Only certain lines below are wanted: those starting at the line containing "using cover card_field" and ending at the line containing "- 2 + (card", both included, each retyped exactly.
*** Available data Section Begins ***
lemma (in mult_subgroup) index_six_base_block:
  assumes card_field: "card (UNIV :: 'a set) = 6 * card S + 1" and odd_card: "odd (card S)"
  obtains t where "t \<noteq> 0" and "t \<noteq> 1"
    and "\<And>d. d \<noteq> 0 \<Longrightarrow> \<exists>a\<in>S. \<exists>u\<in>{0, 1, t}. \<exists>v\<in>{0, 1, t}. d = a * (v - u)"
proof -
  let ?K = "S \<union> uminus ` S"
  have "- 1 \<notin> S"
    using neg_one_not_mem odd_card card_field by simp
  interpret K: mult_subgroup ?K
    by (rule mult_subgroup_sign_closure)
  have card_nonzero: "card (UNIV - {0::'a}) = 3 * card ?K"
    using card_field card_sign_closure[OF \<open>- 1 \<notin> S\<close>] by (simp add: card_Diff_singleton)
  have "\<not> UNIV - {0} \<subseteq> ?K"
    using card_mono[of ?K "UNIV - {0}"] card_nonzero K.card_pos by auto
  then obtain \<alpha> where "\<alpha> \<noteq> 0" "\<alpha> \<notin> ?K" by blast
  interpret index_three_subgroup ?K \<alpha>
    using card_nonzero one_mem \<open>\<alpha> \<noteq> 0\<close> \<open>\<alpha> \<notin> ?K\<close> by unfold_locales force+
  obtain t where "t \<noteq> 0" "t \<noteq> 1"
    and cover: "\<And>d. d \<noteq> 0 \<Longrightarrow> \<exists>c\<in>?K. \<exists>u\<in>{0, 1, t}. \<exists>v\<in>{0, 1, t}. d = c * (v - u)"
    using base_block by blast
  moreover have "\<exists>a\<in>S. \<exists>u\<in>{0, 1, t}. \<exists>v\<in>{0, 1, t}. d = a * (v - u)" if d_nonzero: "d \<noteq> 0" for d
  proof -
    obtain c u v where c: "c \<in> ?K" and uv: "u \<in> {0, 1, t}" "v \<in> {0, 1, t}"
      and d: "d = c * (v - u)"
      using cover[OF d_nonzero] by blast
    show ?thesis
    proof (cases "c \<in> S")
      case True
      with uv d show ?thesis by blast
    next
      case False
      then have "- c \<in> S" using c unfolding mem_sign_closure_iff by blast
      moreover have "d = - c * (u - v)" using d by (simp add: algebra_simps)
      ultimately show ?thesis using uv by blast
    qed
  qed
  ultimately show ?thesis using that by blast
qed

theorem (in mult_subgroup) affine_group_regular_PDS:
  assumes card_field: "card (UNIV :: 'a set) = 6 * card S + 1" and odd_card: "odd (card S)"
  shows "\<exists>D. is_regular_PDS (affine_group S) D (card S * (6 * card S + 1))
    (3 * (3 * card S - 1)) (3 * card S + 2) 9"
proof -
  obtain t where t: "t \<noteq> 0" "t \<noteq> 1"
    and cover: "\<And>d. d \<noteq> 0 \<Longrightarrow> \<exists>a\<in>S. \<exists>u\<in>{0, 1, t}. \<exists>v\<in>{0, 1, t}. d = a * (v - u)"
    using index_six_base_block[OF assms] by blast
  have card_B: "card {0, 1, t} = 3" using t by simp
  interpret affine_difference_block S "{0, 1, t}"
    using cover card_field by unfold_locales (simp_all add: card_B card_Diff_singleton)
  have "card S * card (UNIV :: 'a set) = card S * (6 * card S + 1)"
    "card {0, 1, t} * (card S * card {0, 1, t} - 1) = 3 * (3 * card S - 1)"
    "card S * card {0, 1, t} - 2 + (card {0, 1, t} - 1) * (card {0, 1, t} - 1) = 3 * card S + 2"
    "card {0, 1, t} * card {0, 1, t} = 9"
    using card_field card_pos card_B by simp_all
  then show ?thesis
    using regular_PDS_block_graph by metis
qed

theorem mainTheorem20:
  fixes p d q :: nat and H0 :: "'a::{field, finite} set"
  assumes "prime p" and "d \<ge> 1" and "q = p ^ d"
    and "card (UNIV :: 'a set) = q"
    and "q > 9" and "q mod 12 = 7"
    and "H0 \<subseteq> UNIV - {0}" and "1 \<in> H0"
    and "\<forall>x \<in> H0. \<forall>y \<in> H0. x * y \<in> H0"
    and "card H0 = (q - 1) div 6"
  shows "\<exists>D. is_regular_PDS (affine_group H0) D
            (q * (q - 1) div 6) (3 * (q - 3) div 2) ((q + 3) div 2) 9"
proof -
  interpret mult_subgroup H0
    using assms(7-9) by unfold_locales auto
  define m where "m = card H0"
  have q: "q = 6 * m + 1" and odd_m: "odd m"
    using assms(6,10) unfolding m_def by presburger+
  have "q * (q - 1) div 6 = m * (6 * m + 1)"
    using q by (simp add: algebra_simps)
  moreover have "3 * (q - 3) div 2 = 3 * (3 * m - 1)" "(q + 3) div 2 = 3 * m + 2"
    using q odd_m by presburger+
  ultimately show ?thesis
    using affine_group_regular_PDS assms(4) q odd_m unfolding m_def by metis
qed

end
*** Available data Section Ends ***
Completed task
    using cover card_field by unfold_locales (simp_all add: card_B card_Diff_singleton)
  have "card S * card (UNIV :: 'a set) = card S * (6 * card S + 1)"
    "card {0, 1, t} * (card S * card {0, 1, t} - 1) = 3 * (3 * card S - 1)"
    "card S * card {0, 1, t} - 2 + (card {0, 1, t} - 1) * (card {0, 1, t} - 1) = 3 * card S + 2"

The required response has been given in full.